Thursday August 24, 2017 Written by Published in Virtues in Paradise
Apii Avarua principal Engia Baxter with former Frankton Primary School head Judy Dixon. 17082321 Apii Avarua principal Engia Baxter with former Frankton Primary School head Judy Dixon. 17082321

Schools across the island are counting themselves fortunate after being given the opportunity to participate in a workshop on the Character Education Programme by New Zealand visitor Judy Dixon.


The former Frankton Primary School principal has been in Rarotonga this month working with the Ministry of Education to provide specialist training.

Dixon has been recognised as an outstanding principal who encourages all her students to excel by using the Virtues in their everyday school and home life.

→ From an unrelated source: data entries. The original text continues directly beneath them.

lemma pole_term:
  "(\<Sum>j\<in>{1..N}. (int (rowlen zeta j) - int (rowlen (diagram gamma) j) + int (card (Beta (j - 1)))
        - int (card (Beta j))) * (\<Sum>k\<in>{j+1..N}. int (rowlen (Beta (j - 1)) k) - int (rowlen zeta k)))
   = (\<Sum>p\<in>twos. \<Sum>r\<in>{1..N}. int (poles r) * of_bool (r < fst p \<and> subscript p < r))"
proof -
  have "int (rowlen zeta j) - int (rowlen (diagram gamma) j) + int (card (Beta (j - 1))) - int (card (Beta j))
      = int (poles j)" if "1 \<le> j" for j
    using that rowlen_zeta[of j] card_Beta_Suc[of "j - 1"] int_poles[of j] by simp
  moreover have "(\<Sum>k\<in>{j+1..N}. int (rowlen (Beta (j - 1)) k) - int (rowlen zeta k))
      = (\<Sum>p\<in>twos. of_bool (j < fst p \<and> subscript p < j))" if "1 \<le> j" for j
    unfolding sum_rowlen_Beta_pred[OF that] using row_le_N
    by (intro sum.cong refl arg_cong[where f = of_bool]) fastforce
  ultimately have "(\<Sum>j\<in>{1..N}. (int (rowlen zeta j) - int (rowlen (diagram gamma) j)
        + int (card (Beta (j - 1))) - int (card (Beta j)))
        * (\<Sum>k\<in>{j+1..N}. int (rowlen (Beta (j - 1)) k) - int (rowlen zeta k)))
      = (\<Sum>j\<in>{1..N}. \<Sum>p\<in>twos. int (poles j) * of_bool (j < fst p \<and> subscript p < j))"
    by (simp add: sum_distrib_left del: sum_mult_of_bool_eq)
  also have "\<dots> = (\<Sum>p\<in>twos. \<Sum>r\<in>{1..N}. int (poles r) * of_bool (r < fst p \<and> subscript p < r))"
    by (rule sum.swap)
  finally show ?thesis .
qed

lemma arc_term:
  "(\<Sum>j\<in>{1..N}. \<Sum>l\<in>{j+1..N}. (int (rowlen (Beta j) (l + 1)) - int (rowlen (Beta (j - 1)) (l + 1)))
        * (\<Sum>k\<in>{j+1..l}. int (rowlen (Beta (j - 1)) k) - int (rowlen zeta k)))
   = (\<Sum>p\<in>twos. \<Sum>q\<in>twos. of_bool (fst q < fst p \<and> subscript p < fst q \<and> subscript q < subscript p))"
proof -
  have "int (rowlen (Beta j) (l + 1)) - int (rowlen (Beta (j - 1)) (l + 1))
      = (\<Sum>p\<in>twos. of_bool (fst p = l + 1 \<and> subscript p = j))" if "1 \<le> j" for j l
  proof -
    have "int (rowlen (Beta j) (l + 1)) - int (rowlen (Beta (j - 1)) (l + 1))
        = (int (rowlen (Beta j) (l + 1)) - int (rowlen zeta (l + 1)))
          - (int (rowlen (Beta (j - 1)) (l + 1)) - int (rowlen zeta (l + 1)))"
      by simp
    also have "\<dots> = (\<Sum>p\<in>twos. of_bool (fst p = l + 1 \<and> subscript p \<le> j)
                                 - of_bool (fst p = l + 1 \<and> subscript p \<le> j - 1))"
      unfolding rowlen_Beta by (simp only: sum_subtractf)
    also have "\<dots> = (\<Sum>p\<in>twos. of_bool (fst p = l + 1 \<and> subscript p = j))"
      using that by (intro sum.cong refl) auto
    finally show ?thesis .
  qed
  then have "(int (rowlen (Beta j) (l + 1)) - int (rowlen (Beta (j - 1)) (l + 1)))
        * (\<Sum>k\<in>{j+1..l}. int (rowlen (Beta (j - 1)) k) - int (rowlen zeta k))
      = (\<Sum>p\<in>twos. \<Sum>q\<in>twos.
           of_bool (fst p = l + 1 \<and> subscript p = j) * of_bool (fst q \<in> {j+1..l} \<and> subscript q < j))"
    if "1 \<le> j" for j l
    using that by (simp only: sum_rowlen_Beta_pred sum_product)
  then have "(\<Sum>j\<in>{1..N}. \<Sum>l\<in>{j+1..N}. (int (rowlen (Beta j) (l + 1)) - int (rowlen (Beta (j - 1)) (l + 1)))
        * (\<Sum>k\<in>{j+1..l}. int (rowlen (Beta (j - 1)) k) - int (rowlen zeta k)))
      = (\<Sum>j\<in>{1..N}. \<Sum>l\<in>{j+1..N}. \<Sum>p\<in>twos. \<Sum>q\<in>twos.
           of_bool (fst p = l + 1 \<and> subscript p = j) * of_bool (fst q \<in> {j+1..l} \<and> subscript q < j))"
    by (intro sum.cong refl) simp
  also have "\<dots> = (\<Sum>p\<in>twos. \<Sum>q\<in>twos. \<Sum>j\<in>{1..N}. \<Sum>l\<in>{j+1..N}.
           of_bool (fst p = l + 1 \<and> subscript p = j) * of_bool (fst q \<in> {j+1..l} \<and> subscript q < j))"
    by (subst sum.swap, subst sum.swap, simp add: sum.swap[of _ "{_..N}"])
  also have "\<dots> = (\<Sum>p\<in>twos. \<Sum>q\<in>twos. of_bool (fst q < fst p \<and> subscript p < fst q \<and> subscript q < subscript p))"
    using subscript_bounds row_le_N by (intro sum.cong refl sum_sum_of_bool_crossing) auto
  finally show ?thesis .
qed

end

theorem lemma2p3:
  fixes beta gamma :: "nat list" and T :: "nat \<Rightarrow> nat \<Rightarrow> entry"
  assumes "klein_tableau beta gamma T"
  shows "x_Pi beta gamma T = int (x_Delta (arc_diagram beta gamma T))"
proof -
  interpret klein_filling beta gamma T
    using assms by unfold_locales
  have "x_Pi beta gamma T
      = (\<Sum>p\<in>twos. \<Sum>r\<in>{1..N}. int (poles r) * of_bool (r < fst p \<and> subscript p < r))
      + (\<Sum>p\<in>twos. \<Sum>q\<in>twos. of_bool (fst q < fst p \<and> subscript p < fst q \<and> subscript q < subscript p))"
    unfolding x_Pi_def Let_def pole_term arc_term ..
  also have "\<dots> = int (x_Delta (arc_diagram beta gamma T))"
    unfolding x_Delta_arc_diagram by (simp add: of_nat_sum conj_commute del: sum_mult_of_bool_eq sum_of_bool_eq)
  finally show ?thesis .
qed

end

She says Frankton Primary School has benefited hugely since being introduced to the programme 12 years ago.

It was the turn of Avarua Primary School teachers, teacher aides and early childhood teachers to participate in the workshop on Tuesday afternoon.

Principal Engia Baxter said the Virtues programme had been embraced by students and teachers since first being established at the school.

“This workshop was a positive time for us when we were equipped on how to actually activate the Virtues and what we already know, and what has already been developed within us by our parents, churches and our former teachers.”

Baxter said the programme was significant to the school as it helped shape children’s lives and taught them to develop the characteristics of the Virtues within themselves.

“Virtues help us as teachers and role models for the students to think before we speak.

“They cause us to evaluate ourselves. For example, how can we change the way we approach a child, instead of getting angry?”

Baxter says if the values promoted by the Virtues programme were absent from the school, it would not be a nice place to be.

“If we didn’t have these qualities, we would have lots of bullying, fighting, gossiping and undisciplined children.”

Baxter said the programme empowered teachers to continue to develop what they already knew and practised as teachers.

“It’s about speaking and making the Virtues a part of our everyday language.”